• Aim of the exercise:
Your response must be made up of each line in the data below that contains the string "transpose".

• Source data:
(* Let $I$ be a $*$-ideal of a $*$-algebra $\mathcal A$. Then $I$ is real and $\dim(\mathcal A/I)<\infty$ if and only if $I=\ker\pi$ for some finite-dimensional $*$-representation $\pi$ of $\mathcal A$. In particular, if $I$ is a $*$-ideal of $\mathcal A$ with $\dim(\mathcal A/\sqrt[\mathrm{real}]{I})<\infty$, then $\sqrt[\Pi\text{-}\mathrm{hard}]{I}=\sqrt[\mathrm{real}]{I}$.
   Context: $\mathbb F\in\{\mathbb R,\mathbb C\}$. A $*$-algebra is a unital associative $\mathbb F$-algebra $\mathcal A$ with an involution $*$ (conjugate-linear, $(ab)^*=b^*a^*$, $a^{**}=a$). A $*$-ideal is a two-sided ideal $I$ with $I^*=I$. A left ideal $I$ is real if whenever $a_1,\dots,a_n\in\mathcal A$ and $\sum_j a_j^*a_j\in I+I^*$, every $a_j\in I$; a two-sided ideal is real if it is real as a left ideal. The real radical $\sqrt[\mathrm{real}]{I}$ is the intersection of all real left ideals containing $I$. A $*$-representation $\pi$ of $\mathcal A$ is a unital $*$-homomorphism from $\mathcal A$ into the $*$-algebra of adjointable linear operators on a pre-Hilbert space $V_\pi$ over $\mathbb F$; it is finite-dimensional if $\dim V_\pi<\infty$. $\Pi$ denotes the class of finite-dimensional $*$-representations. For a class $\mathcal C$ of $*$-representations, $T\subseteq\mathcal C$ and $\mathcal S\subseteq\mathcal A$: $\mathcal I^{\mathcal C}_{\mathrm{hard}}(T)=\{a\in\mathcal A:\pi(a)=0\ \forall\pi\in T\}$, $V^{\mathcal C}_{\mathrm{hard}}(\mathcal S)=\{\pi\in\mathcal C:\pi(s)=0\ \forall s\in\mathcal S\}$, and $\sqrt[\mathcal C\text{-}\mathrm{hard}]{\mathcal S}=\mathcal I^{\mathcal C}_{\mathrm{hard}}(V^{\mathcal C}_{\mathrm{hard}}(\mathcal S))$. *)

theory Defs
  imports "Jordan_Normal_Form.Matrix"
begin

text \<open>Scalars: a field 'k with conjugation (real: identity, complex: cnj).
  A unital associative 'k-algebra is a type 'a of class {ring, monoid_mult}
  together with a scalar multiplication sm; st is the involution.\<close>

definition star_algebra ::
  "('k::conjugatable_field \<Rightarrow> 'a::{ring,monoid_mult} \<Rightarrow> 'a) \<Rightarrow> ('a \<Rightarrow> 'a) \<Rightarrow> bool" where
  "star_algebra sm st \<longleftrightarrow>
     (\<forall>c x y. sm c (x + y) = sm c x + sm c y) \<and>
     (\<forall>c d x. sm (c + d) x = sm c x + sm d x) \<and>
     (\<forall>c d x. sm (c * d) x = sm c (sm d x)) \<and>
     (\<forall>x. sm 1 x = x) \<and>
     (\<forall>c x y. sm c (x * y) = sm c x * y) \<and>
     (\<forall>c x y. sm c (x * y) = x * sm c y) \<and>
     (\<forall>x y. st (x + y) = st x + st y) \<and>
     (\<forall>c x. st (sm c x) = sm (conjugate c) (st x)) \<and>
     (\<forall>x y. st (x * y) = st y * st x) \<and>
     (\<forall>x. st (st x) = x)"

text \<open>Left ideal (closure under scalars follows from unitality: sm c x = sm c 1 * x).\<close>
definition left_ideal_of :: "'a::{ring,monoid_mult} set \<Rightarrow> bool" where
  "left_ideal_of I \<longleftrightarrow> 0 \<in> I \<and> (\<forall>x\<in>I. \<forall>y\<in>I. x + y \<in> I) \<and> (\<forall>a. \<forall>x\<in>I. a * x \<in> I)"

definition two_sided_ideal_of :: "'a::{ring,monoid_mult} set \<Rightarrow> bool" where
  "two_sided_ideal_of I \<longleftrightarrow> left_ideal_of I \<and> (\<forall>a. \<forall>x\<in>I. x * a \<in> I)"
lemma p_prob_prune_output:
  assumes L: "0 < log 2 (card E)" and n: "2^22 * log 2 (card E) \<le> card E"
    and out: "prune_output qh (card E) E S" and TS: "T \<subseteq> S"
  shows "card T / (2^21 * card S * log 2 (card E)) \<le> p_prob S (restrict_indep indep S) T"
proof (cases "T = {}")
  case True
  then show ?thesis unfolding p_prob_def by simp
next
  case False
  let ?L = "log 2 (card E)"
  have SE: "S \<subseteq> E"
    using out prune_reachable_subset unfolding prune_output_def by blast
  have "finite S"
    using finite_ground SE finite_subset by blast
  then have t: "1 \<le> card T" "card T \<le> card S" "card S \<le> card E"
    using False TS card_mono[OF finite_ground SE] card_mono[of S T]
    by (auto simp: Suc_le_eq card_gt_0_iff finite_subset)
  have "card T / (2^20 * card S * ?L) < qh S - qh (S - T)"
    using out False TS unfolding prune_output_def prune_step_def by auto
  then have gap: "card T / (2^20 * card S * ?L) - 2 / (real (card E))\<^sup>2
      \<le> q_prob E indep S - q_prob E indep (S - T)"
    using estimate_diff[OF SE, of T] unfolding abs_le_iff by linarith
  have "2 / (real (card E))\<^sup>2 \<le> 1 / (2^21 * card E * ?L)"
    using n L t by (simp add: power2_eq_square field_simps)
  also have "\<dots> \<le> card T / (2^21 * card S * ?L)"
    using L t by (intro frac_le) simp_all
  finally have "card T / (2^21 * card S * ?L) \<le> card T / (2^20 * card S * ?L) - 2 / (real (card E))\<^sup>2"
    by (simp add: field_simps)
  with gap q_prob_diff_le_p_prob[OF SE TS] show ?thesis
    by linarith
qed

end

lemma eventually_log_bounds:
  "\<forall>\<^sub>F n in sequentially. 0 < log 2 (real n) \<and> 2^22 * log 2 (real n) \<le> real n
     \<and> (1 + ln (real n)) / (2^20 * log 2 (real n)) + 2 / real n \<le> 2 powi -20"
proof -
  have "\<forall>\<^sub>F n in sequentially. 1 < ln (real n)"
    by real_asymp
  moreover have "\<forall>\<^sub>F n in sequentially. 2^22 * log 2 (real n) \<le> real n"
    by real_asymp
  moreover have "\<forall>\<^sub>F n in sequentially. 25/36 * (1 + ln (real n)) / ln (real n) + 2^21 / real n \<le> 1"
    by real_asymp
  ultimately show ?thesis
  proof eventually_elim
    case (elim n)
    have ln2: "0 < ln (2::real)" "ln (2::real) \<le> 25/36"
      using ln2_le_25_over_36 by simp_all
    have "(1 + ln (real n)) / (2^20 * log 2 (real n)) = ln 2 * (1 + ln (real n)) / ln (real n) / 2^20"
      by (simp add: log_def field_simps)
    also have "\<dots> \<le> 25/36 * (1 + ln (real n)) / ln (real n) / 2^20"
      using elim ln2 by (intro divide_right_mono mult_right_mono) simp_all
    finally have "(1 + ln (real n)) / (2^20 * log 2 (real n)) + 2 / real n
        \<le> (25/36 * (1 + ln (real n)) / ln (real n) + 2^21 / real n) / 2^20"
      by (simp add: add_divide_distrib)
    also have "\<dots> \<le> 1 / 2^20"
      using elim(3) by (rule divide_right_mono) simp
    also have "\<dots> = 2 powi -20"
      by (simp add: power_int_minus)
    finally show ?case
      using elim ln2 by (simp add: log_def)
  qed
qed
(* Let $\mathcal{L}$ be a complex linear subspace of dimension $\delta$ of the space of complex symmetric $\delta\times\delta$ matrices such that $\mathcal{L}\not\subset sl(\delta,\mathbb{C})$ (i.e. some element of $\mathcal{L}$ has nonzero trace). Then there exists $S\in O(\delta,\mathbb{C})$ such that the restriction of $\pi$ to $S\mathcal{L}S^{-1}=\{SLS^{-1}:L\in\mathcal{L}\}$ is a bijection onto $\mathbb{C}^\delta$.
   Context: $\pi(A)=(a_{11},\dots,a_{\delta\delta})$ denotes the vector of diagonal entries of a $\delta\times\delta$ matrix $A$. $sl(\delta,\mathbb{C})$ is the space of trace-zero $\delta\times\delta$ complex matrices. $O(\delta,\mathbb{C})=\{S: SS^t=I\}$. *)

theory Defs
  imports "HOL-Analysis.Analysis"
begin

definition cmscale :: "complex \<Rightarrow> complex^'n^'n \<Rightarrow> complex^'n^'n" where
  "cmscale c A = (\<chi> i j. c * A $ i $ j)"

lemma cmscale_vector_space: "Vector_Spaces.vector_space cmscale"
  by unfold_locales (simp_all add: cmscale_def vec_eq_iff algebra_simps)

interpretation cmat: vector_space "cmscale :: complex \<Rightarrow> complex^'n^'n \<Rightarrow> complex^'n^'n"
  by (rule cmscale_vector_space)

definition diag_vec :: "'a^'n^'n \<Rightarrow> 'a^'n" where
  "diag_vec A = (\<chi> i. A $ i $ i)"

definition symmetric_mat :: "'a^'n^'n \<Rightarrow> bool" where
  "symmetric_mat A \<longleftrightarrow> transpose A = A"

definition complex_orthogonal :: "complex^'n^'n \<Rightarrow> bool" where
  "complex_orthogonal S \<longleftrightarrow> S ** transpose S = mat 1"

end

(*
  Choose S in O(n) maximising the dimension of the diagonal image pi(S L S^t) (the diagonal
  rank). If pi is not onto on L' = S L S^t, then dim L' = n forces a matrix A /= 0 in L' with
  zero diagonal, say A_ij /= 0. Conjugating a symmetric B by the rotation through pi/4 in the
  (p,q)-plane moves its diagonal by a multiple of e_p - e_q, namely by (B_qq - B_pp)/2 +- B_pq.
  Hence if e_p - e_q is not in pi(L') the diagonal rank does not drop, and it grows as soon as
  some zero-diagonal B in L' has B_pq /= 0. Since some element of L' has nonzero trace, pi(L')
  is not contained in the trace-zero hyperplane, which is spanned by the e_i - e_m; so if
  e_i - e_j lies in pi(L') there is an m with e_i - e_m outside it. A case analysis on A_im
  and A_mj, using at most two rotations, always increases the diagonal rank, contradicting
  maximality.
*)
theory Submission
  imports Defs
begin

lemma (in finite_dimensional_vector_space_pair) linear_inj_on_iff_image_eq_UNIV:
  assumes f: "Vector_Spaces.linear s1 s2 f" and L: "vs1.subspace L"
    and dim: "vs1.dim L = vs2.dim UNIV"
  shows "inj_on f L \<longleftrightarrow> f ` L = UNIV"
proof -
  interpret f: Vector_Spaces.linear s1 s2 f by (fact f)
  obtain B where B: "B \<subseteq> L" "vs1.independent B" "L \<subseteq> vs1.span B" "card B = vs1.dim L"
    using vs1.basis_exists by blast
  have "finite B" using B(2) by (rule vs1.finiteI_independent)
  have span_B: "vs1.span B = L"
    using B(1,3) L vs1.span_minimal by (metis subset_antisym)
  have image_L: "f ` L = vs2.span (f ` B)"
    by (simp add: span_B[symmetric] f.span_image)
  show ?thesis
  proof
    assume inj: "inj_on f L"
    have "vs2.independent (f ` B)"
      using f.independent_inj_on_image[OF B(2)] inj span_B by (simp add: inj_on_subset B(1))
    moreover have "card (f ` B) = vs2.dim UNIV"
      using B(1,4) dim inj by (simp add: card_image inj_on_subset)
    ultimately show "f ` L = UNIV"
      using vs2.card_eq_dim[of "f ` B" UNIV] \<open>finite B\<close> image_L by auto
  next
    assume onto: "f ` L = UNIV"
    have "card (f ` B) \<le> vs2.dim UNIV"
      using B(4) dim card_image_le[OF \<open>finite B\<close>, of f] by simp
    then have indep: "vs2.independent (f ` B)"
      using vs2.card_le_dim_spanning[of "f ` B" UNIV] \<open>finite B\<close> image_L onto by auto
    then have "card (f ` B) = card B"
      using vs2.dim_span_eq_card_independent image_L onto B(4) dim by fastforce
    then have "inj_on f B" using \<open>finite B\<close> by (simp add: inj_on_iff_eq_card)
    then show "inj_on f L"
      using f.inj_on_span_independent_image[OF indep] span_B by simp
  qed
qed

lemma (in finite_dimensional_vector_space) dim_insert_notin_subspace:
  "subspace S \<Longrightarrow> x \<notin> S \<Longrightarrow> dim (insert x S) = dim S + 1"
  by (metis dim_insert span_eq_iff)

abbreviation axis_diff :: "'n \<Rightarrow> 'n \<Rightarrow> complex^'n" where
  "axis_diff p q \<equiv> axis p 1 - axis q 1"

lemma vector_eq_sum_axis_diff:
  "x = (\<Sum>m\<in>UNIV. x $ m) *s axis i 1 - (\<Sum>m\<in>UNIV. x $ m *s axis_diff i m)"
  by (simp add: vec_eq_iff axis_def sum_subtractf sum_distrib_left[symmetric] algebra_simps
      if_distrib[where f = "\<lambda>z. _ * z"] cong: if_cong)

• Task response:
  "symmetric_mat A \<longleftrightarrow> transpose A = A"
  "complex_orthogonal S \<longleftrightarrow> S ** transpose S = mat 1"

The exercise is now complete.